*About this exercise*: Across the entries that follow, how many lines have the word "assms" in them? Give only the number.

▽

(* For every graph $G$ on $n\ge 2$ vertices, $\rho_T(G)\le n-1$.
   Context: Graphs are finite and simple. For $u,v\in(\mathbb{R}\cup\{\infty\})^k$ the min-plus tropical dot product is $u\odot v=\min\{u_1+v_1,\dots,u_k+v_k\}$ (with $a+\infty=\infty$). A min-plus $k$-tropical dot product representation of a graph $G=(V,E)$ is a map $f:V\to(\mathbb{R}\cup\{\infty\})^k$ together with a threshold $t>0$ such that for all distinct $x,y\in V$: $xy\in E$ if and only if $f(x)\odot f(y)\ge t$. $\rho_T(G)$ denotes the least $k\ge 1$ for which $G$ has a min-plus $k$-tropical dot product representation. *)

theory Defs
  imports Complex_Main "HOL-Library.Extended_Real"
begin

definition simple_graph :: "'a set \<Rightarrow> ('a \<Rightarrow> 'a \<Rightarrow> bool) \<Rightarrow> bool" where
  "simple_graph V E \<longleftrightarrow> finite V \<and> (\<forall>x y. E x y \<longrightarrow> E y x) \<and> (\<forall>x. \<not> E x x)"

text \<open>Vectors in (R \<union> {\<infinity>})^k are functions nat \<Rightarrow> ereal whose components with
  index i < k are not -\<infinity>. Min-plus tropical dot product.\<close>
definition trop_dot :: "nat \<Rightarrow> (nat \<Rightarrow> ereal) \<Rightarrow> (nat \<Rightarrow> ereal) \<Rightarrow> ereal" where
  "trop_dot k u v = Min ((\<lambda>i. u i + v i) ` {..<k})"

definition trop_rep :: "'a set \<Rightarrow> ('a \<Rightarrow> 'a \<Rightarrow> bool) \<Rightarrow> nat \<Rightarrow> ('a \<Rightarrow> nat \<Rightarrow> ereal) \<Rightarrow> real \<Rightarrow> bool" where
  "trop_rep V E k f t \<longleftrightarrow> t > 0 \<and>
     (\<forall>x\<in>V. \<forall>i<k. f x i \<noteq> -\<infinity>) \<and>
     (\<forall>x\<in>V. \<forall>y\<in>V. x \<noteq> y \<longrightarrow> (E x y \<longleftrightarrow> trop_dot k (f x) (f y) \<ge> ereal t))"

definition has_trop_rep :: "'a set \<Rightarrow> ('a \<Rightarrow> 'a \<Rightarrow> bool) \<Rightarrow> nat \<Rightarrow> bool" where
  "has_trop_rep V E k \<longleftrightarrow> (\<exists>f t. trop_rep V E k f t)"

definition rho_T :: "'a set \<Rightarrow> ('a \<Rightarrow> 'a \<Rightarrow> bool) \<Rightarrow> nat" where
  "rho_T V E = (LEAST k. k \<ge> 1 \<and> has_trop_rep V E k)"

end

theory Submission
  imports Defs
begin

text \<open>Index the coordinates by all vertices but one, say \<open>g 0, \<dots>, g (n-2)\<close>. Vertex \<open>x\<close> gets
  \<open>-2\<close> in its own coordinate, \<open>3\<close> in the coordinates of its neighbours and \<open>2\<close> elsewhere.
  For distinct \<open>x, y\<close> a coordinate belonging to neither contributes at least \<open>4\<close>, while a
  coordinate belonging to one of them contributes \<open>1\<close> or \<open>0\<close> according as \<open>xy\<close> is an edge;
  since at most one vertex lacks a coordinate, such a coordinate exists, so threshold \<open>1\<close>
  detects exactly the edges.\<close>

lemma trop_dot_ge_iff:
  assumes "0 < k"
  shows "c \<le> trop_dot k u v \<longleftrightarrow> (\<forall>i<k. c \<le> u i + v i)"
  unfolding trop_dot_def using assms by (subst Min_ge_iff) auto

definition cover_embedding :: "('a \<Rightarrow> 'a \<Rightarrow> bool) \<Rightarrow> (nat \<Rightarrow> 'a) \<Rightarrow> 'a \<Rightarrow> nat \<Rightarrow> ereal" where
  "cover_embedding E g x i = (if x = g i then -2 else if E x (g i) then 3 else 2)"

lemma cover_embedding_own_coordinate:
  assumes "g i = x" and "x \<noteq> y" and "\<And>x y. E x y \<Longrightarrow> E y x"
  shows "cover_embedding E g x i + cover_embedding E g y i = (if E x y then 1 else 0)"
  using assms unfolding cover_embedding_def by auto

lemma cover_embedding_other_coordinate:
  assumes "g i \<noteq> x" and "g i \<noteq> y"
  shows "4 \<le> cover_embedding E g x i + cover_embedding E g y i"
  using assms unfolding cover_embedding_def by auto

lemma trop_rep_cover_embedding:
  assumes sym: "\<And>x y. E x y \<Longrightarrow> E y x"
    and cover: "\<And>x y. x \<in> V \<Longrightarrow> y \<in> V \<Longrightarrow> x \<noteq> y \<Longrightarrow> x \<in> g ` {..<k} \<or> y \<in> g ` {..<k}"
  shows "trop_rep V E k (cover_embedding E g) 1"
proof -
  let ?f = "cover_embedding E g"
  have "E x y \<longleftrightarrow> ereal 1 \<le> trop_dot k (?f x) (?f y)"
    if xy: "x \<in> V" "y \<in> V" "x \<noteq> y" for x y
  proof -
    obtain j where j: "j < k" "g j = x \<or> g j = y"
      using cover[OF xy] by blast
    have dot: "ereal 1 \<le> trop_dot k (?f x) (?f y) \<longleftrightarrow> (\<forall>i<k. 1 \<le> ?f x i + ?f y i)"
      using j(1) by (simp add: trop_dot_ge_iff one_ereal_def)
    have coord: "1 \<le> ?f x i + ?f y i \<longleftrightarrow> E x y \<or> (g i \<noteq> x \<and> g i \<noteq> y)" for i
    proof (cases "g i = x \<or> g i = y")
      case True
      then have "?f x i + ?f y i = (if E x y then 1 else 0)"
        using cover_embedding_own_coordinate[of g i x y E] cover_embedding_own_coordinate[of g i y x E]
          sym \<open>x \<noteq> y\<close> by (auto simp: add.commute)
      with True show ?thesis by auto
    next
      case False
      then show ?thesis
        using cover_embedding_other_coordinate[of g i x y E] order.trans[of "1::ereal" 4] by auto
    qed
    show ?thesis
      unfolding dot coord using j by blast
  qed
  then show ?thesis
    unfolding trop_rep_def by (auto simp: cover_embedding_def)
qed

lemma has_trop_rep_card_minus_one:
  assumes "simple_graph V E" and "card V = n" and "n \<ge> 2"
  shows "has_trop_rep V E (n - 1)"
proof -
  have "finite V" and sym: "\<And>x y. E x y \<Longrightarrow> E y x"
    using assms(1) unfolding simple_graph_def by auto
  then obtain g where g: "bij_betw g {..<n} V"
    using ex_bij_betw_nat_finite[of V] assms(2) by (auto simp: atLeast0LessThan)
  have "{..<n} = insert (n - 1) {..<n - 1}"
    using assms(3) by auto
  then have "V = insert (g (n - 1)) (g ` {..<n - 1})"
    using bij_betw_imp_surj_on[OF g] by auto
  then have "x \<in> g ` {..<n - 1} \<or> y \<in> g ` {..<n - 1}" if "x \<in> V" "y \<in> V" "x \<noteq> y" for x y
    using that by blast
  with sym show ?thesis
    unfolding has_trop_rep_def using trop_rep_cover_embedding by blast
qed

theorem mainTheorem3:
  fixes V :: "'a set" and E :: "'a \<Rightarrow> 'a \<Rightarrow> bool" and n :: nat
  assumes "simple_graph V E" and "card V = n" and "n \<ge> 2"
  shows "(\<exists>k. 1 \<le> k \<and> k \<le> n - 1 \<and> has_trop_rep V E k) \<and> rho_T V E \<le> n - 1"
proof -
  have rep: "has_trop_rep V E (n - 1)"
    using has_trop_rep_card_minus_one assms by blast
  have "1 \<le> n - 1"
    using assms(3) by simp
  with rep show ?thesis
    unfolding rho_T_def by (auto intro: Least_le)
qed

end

△

*Exercise solution*: 8